Prepping Diane for the Field Season
Diane’s new post-doctoral position has to do with acoustics and sage grouse. The idea is to go to Wyoming and record noise sources and also the sage grouse themselves during the mating season. Male sage grouse display for females in a restricted area, and each male has his own small patch of territory that doesn’t have obvious food or other resources. This sort of arrangement is called a lek, and the term for having this phenomenon of males gathered into a restricted area pretty much solely for the purpose of finding a mate is called lekking.
The principal investigator on the project is Dr. Gail Patricelli at U.C. Davis. Gail had arranged last year for several custom-built “automatic recording units” (ARUs) to be available for the field season. These were to have a set of nice features: 24-bit audio capture, four channels, battery-operated, weather-resistant, using removable hard drives, able to record continuously (with a large enough hard disk), and able to be programmed to do sampling on a user-defined schedule. All of that for $2,500 a pop, a veritable acoustic bargain.
Yesterday, Diane and Gail got word from the manufacturer that the ARUs would not be ready in time for field season this year, which is now only a couple of weeks away.
So now the project needs to find audio recording systems that can do at least part of what the ARUs were going to do, and do so within a very short timeframe.
I’m helping find some options on this.
So far, we’ve identified two candidate approaches. One is to use the PDAudio sound system from Core Sound. This is a stereo 24-bit/96 kilosamples per second sound acquisition system that interfaces to a PDA via a Compact Flash slot. Taking into account the cost of a PDA, the PDAudio-CF card, the Mic2496 preamp, cables, batteries, and software, this works out to about $1,500 per unit. We got very good assistance on the technical side of things in a phone call to Len Moskowitz, the owner of Core Sound.
The other approach would be to start with a recorder and figure out how to control it to sample sound on a schedule that we set. Gail has a Marantz PMD670 Compact Flash recorder, which has a “Remote” jack. In a simple test with a microphone from an old dictation system, the recorder can be set to turn on and record when the remote is switched on, and the stop recording and power down when the remote is switched off. The difficulty here is coming up with a controller that works off of battery power and allows us to control the state of the remote jack. So far, everything we’ve found is going to require at least some basic engineering and programming, and the choices run from stuff like $30 PIC modules with battery-backed real-time clocks to a $700 touch-panel controller.
We’re trying to figure out if a TTL digital output will permit control of the Marantz remote jack, or if we need to drive a relay instead. If we need a relay, it’s just that much more that needs to be done in a short amount of time.

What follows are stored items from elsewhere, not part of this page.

definition E_ev :: "nat \<Rightarrow> vtx \<Rightarrow> (vtx \<Rightarrow> vtx) set" where
  "E_ev n u = {c. \<exists>a b t1 t2 t3. a \<in> Vn n \<and> b \<in> Vn n \<and>
      u \<noteq> a \<and> u \<noteq> b \<and> a \<noteq> b \<and> W \<in> {t1, t2, t3} \<and>
      of_type n c u a t1 \<and> of_type n c a b t2 \<and> of_type n c b u t3}"

end

theory Submission
  imports Defs "HOL-Analysis.Harmonic_Numbers"
begin

text \<open>
  A long-range edge chosen by a vertex x has probability at most Z_x, and Z_x \<le> 1 / ln (n/3 + 1):
  some coordinate of x has modulus at least n/3, and moving mass from it outward into the two
  other coordinates yields k + 1 distinct vertices within distance k of x for every k \<le> n/3,
  so \<Sum>_w d_xw^-2 dominates a harmonic sum. Since the choices are independent, a C3 of a fixed
  type has probability at most the sum over (a, b) of the product of its three edge
  probabilities. Bounding the factor of one long-range edge by 1 / ln (n/3 + 1) and summing the
  other two factors along the cycle (a vertex has at most 27 neighbours in the cube around it,
  and a choice distribution has total mass 1) gives 729 / ln (n/3 + 1) for each of the at most
  eight types.
\<close>

section \<open>The octahedral graph\<close>

lemma finite_Vn: "finite (Vn n)"
proof (rule finite_subset)
  show "Vn n \<subseteq> {-int n..int n} \<times> {-int n..int n} \<times> {-int n..int n}"
    by (auto simp: Vn_def)
qed auto

lemma adj_commute: "adj n x y \<longleftrightarrow> adj n y x"
  by (auto simp: adj_def abs_minus_commute)

lemma card_adj_le: "card {y \<in> Vn n. adj n x y} \<le> 27"
proof -
  obtain x1 x2 x3 where x: "x = (x1, x2, x3)" by (cases x)
  define box where "box = {-1..1::int} \<times> {-1..1::int} \<times> {-1..1::int}"
  have "{y \<in> Vn n. adj n x y} \<subseteq> (\<lambda>(i, j, k). (x1 + i, x2 + j, x3 + k)) ` box"
  proof
    fix y assume "y \<in> {y \<in> Vn n. adj n x y}"
    moreover obtain y1 y2 y3 where y: "y = (y1, y2, y3)" by (cases y)
    ultimately have "(y1 - x1, y2 - x2, y3 - x3) \<in> box"
      by (auto simp: adj_def x box_def abs_le_iff)
    then show "y \<in> (\<lambda>(i, j, k). (x1 + i, x2 + j, x3 + k)) ` box"
      by (force simp: y)
  qed
  moreover have "finite box" by (simp add: box_def)
  ultimately have "card {y \<in> Vn n. adj n x y} \<le> card box"
    by (meson card_image_le card_mono finite_imageI order_trans)
  also have "card box = 27" by (simp add: box_def card_cartesian_product)
  finally show ?thesis .
qed

lemma gdist_path:
  fixes f :: "nat \<Rightarrow> vtx"
  assumes "\<And>t. t \<le> k \<Longrightarrow> f t \<in> Vn n" and "\<And>t. t < k \<Longrightarrow> adj n (f t) (f (Suc t))"
  shows gdist_le_path: "gdist n (f 0) (f k) \<le> k"
    and gdist_pos_path: "f 0 \<noteq> f k \<Longrightarrow> 0 < gdist n (f 0) (f k)"
proof -
  let ?P = "\<lambda>m. \<exists>xs. length xs = Suc m \<and> hd xs = f 0 \<and> last xs = f k \<and>
      set xs \<subseteq> Vn n \<and> (\<forall>i<m. adj n (xs ! i) (xs ! Suc i))"
  have P: "?P k"
    using assms by (intro exI[of _ "map f [0..<Suc k]"])
      (auto simp: hd_map last_map nth_append simp del: upt_Suc)
  then show "gdist n (f 0) (f k) \<le> k"
    unfolding gdist_def by (rule Least_le)
  assume "f 0 \<noteq> f k"
  then have "\<not> ?P 0"
    by (auto simp: length_Suc_conv)
  moreover have "?P (Least ?P)"
    using P by (rule LeastI)
  ultimately have "Least ?P \<noteq> 0"
    by metis
  then show "0 < gdist n (f 0) (f k)"
    unfolding gdist_def by simp
qed

section \<open>A lower bound on the normalising sum\<close>

text \<open>Unlike sgn, never 0, so that mass can be moved outward from a zero coordinate.\<close>
definition outward :: "int \<Rightarrow> int" where
  "outward v = (if 0 \<le> v then 1 else -1)"

lemma abs_outward [simp]: "\<bar>outward v\<bar> = 1"
  by (simp add: outward_def)

lemma abs_add_outward: "0 \<le> i \<Longrightarrow> \<bar>v + outward v * i\<bar> = \<bar>v\<bar> + i"
  by (simp add: outward_def)

lemma abs_diff_outward: "0 \<le> i \<Longrightarrow> i \<le> \<bar>v\<bar> \<Longrightarrow> \<bar>v - outward v * i\<bar> = \<bar>v\<bar> - i"
  by (simp add: outward_def)

fun shift_mass :: "vtx \<Rightarrow> nat \<Rightarrow> nat \<Rightarrow> vtx" where
  "shift_mass (X, Y, Z) i j =
     (X - outward X * int (i + j), Y + outward Y * int i, Z + outward Z * int j)"

lemma shift_mass_in_Vn:
  "(X, Y, Z) \<in> Vn n \<Longrightarrow> i + j \<le> nat \<bar>X\<bar> \<Longrightarrow> shift_mass (X, Y, Z) i j \<in> Vn n"
  by (simp add: Vn_def abs_add_outward abs_diff_outward)

lemma shift_mass_eq_iff: "shift_mass p i j = shift_mass p i' j' \<longleftrightarrow> i = i' \<and> j = j'"
  by (cases p) (auto simp: outward_def)

lemma shift_mass_0_0 [simp]: "shift_mass p 0 0 = p"
  by (cases p) simp

lemma adj_shift_mass:
  assumes "(X, Y, Z) \<in> Vn n" "i' + j' \<le> nat \<bar>X\<bar>" "(i', j') = (Suc i, j) \<or> (i', j') = (i, Suc j)"
  shows "adj n (shift_mass (X, Y, Z) i j) (shift_mass (X, Y, Z) i' j')"
  using assms shift_mass_in_Vn[OF assms(1), of i j] shift_mass_in_Vn[OF assms(1-2)]
    shift_mass_eq_iff[of "(X, Y, Z)" i j i' j']
  by (auto simp: adj_def algebra_simps)

declare shift_mass.simps [simp del]

text \<open>Coordinate permutations are such embeddings; they reduce the lower bound to the case where
  the first coordinate has the largest modulus.\<close>
definition adj_embedding :: "nat \<Rightarrow> (vtx \<Rightarrow> vtx) \<Rightarrow> bool" where
  "adj_embedding n \<sigma> \<longleftrightarrow> inj \<sigma> \<and> (\<forall>p. \<sigma> p \<in> Vn n \<longleftrightarrow> p \<in> Vn n) \<and>
     (\<forall>p p'. adj n p p' \<longrightarrow> adj n (\<sigma> p) (\<sigma> p'))"

lemma adj_embeddingD:
  assumes "adj_embedding n \<sigma>"
  shows "inj \<sigma>" and "\<sigma> p \<in> Vn n \<longleftrightarrow> p \<in> Vn n" and "adj n p p' \<Longrightarrow> adj n (\<sigma> p) (\<sigma> p')"
  using assms unfolding adj_embedding_def by blast+

lemma gdist_shift_mass:
  assumes \<sigma>: "adj_embedding n \<sigma>" and u: "(X, Y, Z) \<in> Vn n"
    and k: "1 \<le> k" "k \<le> nat \<bar>X\<bar>" "a \<le> k"
  defines "v \<equiv> \<sigma> (shift_mass (X, Y, Z) a (k - a))"
  shows "v \<noteq> \<sigma> (X, Y, Z)" and "1 \<le> gdist n (\<sigma> (X, Y, Z)) v" and "gdist n (\<sigma> (X, Y, Z)) v \<le> k"
proof -
  \<comment> \<open>a path of length k: first a unit steps into the second coordinate, then into the third\<close>
  define f where "f t = \<sigma> (shift_mass (X, Y, Z) (min t a) (t - a))" for t
  have f0: "f 0 = \<sigma> (X, Y, Z)" and fk: "f k = v"
    using k by (simp_all add: f_def v_def)
  have f_Vn: "f t \<in> Vn n" if "t \<le> k" for t
    unfolding f_def adj_embeddingD(2)[OF \<sigma>] using that k by (intro shift_mass_in_Vn[OF u]) simp
  have f_adj: "adj n (f t) (f (Suc t))" if "t < k" for t
    using that k unfolding f_def
    by (intro adj_embeddingD(3)[OF \<sigma>] adj_shift_mass[OF u]) (auto simp: min_def)
  show "v \<noteq> \<sigma> (X, Y, Z)"
    using k shift_mass_eq_iff[of "(X, Y, Z)" a "k - a" 0 0]
    by (auto simp: v_def inj_eq[OF adj_embeddingD(1)[OF \<sigma>]])
  with gdist_pos_path[where f = f and k = k, OF f_Vn f_adj]
  show "1 \<le> gdist n (\<sigma> (X, Y, Z)) v"
    unfolding f0 fk by simp
  show "gdist n (\<sigma> (X, Y, Z)) v \<le> k"
    using gdist_le_path[where f = f and k = k, OF f_Vn f_adj] unfolding f0 fk .
qed

definition dist_sum :: "nat \<Rightarrow> vtx \<Rightarrow> real" where
  "dist_sum n u = (\<Sum>w\<in>Vn n - {u}. 1 / (real (gdist n u w))\<^sup>2)"

lemma Zc_eq_inverse_dist_sum: "Zc n u = 1 / dist_sum n u"
  by (simp add: Zc_def dist_sum_def inverse_eq_divide)

lemma ln_add_one_le_sum_Sigma:
  "ln (real P + 1) \<le> (\<Sum>(k, a)\<in>Sigma {1..P} (\<lambda>k. {0..k}). 1 / (real k)\<^sup>2)"
proof -
  have "ln (real P + 1) \<le> (\<Sum>k=1..P. 1 / real k)"
    using ln_le_harm[of P] by (simp add: harm_def inverse_eq_divide)
  also have "\<dots> \<le> (\<Sum>k=1..P. \<Sum>a=0..k. 1 / (real k)\<^sup>2)"
    by (intro sum_mono) (simp add: power2_eq_square field_simps)
  also have "\<dots> = (\<Sum>(k, a)\<in>Sigma {1..P} (\<lambda>k. {0..k}). 1 / (real k)\<^sup>2)"
    by (rule sum.Sigma) auto
  finally show ?thesis .
qed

If anybody has a better, or at least another, suggestion, we want to hear from you. The desired daily routine would be to visit each deployed unit in the field, swap in a fresh battery, swap out digital recording media, and do whatever (hopefully minimal) adjustments that have to be made to schedule the next day’s recordings. Audio of at least 16-bit depth at 44.1 kilosamples per second needs to be recorded to removable media. We will be doing spectral analysis on the resulting data, so no lossy compression can be done on it. We will be using XLR microphone connections. The whole system needs to run off batteries, and the less massive the battery system, the better.
Update: Well, I am trying a low-tech approach. Take a wall clock. Tape a small but strong magnet to the minute hand. Affix a normally-open magnetic switch at the periphery of the clock. Wire the magnetic switch leads to a 2.5mm mono plug, which is plugged into the remote jack on the Marantz. It seems to work. The clock should run for half a year on the 1.5V AA battery. The magnetic switch needs no power. I got about a 3 minute recording on the Marantz in a test. So that’s less than 90 minutes of record time per day, and a Marantz rechargeable NiMH battery pack should handle that just fine.